GOAL OF THE EXERCISE: Go through the data below and copy each line where the word "every" occurs.

MATERIAL PROVIDED:
◆ ◆ ◆ ◆ ◆ ◆ ◆

(* Let $K\ge1$, $\beta\in(0,1)$, $V^{\mathrm c}>0$, and for each $k$ let $\alpha_k>0$ with $\sum_k\alpha_k=1$, $L_k>0$, $V_k^{\mathrm d}>0$, $R_k>0$. For $t_k>0$, $V_k^{\mathrm c}>0$ define \[ \widehat D_{k,1}=\frac{L_k}{t_kR_k}\cdot\frac{(t_kR_k+V_k^{\mathrm c})(t_kR_k+\beta V_k^{\mathrm d})}{V_k^{\mathrm d}V_k^{\mathrm c}(1+\beta)+t_kR_k(V_k^{\mathrm d}+V_k^{\mathrm c})},\qquad \widehat D_{k,2}=\frac{L_k}{t_kR_k}\cdot\frac{t_kR_k+\beta V_k^{\mathrm d}}{V_k^{\mathrm d}+t_kR_k}, \] and $\widehat D_k=\widehat D_{k,1}$ if $t_kR_k\ge\sqrt{\beta V_k^{\mathrm d}V_k^{\mathrm c}}$, $\widehat D_k=\widehat D_{k,2}$ if $t_kR_k<\sqrt{\beta V_k^{\mathrm d}V_k^{\mathrm c}}$. Consider the problem (Problem 4) \[ \min_{\{t_k,V_k^{\mathrm c}\}}\sum_{k=1}^K\alpha_k\widehat D_k\quad\text{s.t.}\quad \sum_{k=1}^K t_k\le1,\ t_k\ge0,\quad \sum_{k=1}^K V_k^{\mathrm c}\le V^{\mathrm c},\ V_k^{\mathrm c}\ge0. \] Then Problem 4 is a piecewise convex optimization problem: each $\widehat D_k$ is a continuous, piecewise-defined function of $(t_k,V_k^{\mathrm c})$ whose pieces $\widehat D_{k,1}$, $\widehat D_{k,2}$ are convex, and the objective $\sum_k\alpha_k\widehat D_k$ is convex in $(t_1,\dots,t_K,V_1^{\mathrm c},\dots,V_K^{\mathrm c})$ on the domain $t_k>0$, $V_k^{\mathrm c}>0$.
   Context: $\widehat D_k$ is the minimal end-to-end delay of device $k$ in the partial compression offloading model (local compression speed $V_k^{\mathrm d}$, edge compression speed $V_k^{\mathrm c}$, TDMA time fraction $t_k$, average channel rate $R_k$, $L_k$ raw bits, compression ratio $\beta$) after optimizing the fraction of data compressed locally. The paper asserts "Problem 4 is a piecewise convex optimization problem"; the claim spells this out as convexity of the pieces and of the overall objective. *)

theory Defs
  imports "HOL-Analysis.Analysis"
begin

definition Dhat1 :: "real \<Rightarrow> real \<Rightarrow> real \<Rightarrow> real \<Rightarrow> real \<Rightarrow> real \<Rightarrow> real" where
  "Dhat1 beta L R Vd t vc =
     L / (t * R) * ((t * R + vc) * (t * R + beta * Vd)
       / (Vd * vc * (1 + beta) + t * R * (Vd + vc)))"

definition Dhat2 :: "real \<Rightarrow> real \<Rightarrow> real \<Rightarrow> real \<Rightarrow> real \<Rightarrow> real \<Rightarrow> real" where
  "Dhat2 beta L R Vd t vc = L / (t * R) * ((t * R + beta * Vd) / (Vd + t * R))"

definition Dhat :: "real \<Rightarrow> real \<Rightarrow> real \<Rightarrow> real \<Rightarrow> real \<Rightarrow> real \<Rightarrow> real" where
  "Dhat beta L R Vd t vc =
     (if t * R \<ge> sqrt (beta * Vd * vc) then Dhat1 beta L R Vd t vc
      else Dhat2 beta L R Vd t vc)"

end

theory Submission
  imports Defs
begin
definition kruskal_rank :: "nat \<Rightarrow> (nat \<Rightarrow> complex ^ 'n) \<Rightarrow> nat" where
  "kruskal_rank r u = (GREATEST k. k \<le> r \<and>
     (\<forall>S \<subseteq> {..<r}. card S = k \<longrightarrow> inj_on u S \<and> vec.independent (u ` S)))"

end

theory Submission
  imports Defs
begin

(* Contracting the tensor in its two conjugate-linear slots with x and y leaves
   sum_m lam_m conj((u_m.x)(u_m.y)) u_m (x) u_m, where u.x is the bilinear pairing. When every
   k of the u_m are independent and 2k >= r + 1, for each p there are x, y with
   (u_m.x)(u_m.y) = [m = p]; hence the squares u_p (x) u_p are independent and lie in the span
   of the squares of any decomposition of the tensor, so every decomposition has at least r
   nonzero terms. For a second decomposition with r terms the two spans of squares coincide,
   so each v_j (x) v_j is a combination of the u_p (x) u_p. If 2k >= r + 2, any two indices can
   be separated at once, which kills all products of two coefficients: the combination has a
   single term and v_j is parallel to some u_p. A full contraction with separating x, y then
   matches the weights and shows that j |-> p is a bijection. *)

definition bdot :: "'a::field ^ 'n \<Rightarrow> 'a ^ 'n \<Rightarrow> 'a" where
  "bdot a x = (\<Sum>i\<in>UNIV. a $ i * x $ i)"

lemma linear_bdot_left: "Vector_Spaces.linear (*s) (*) (\<lambda>a. bdot a x)"
  by unfold_locales (auto simp: bdot_def algebra_simps sum.distrib sum_distrib_left)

◆ ◆ ◆ ◆ ◆ ◆ ◆

WORKED SOLUTION:
   sum_m lam_m conj((u_m.x)(u_m.y)) u_m (x) u_m, where u.x is the bilinear pairing. When every
   of the squares of any decomposition of the tensor, so every decomposition has at least r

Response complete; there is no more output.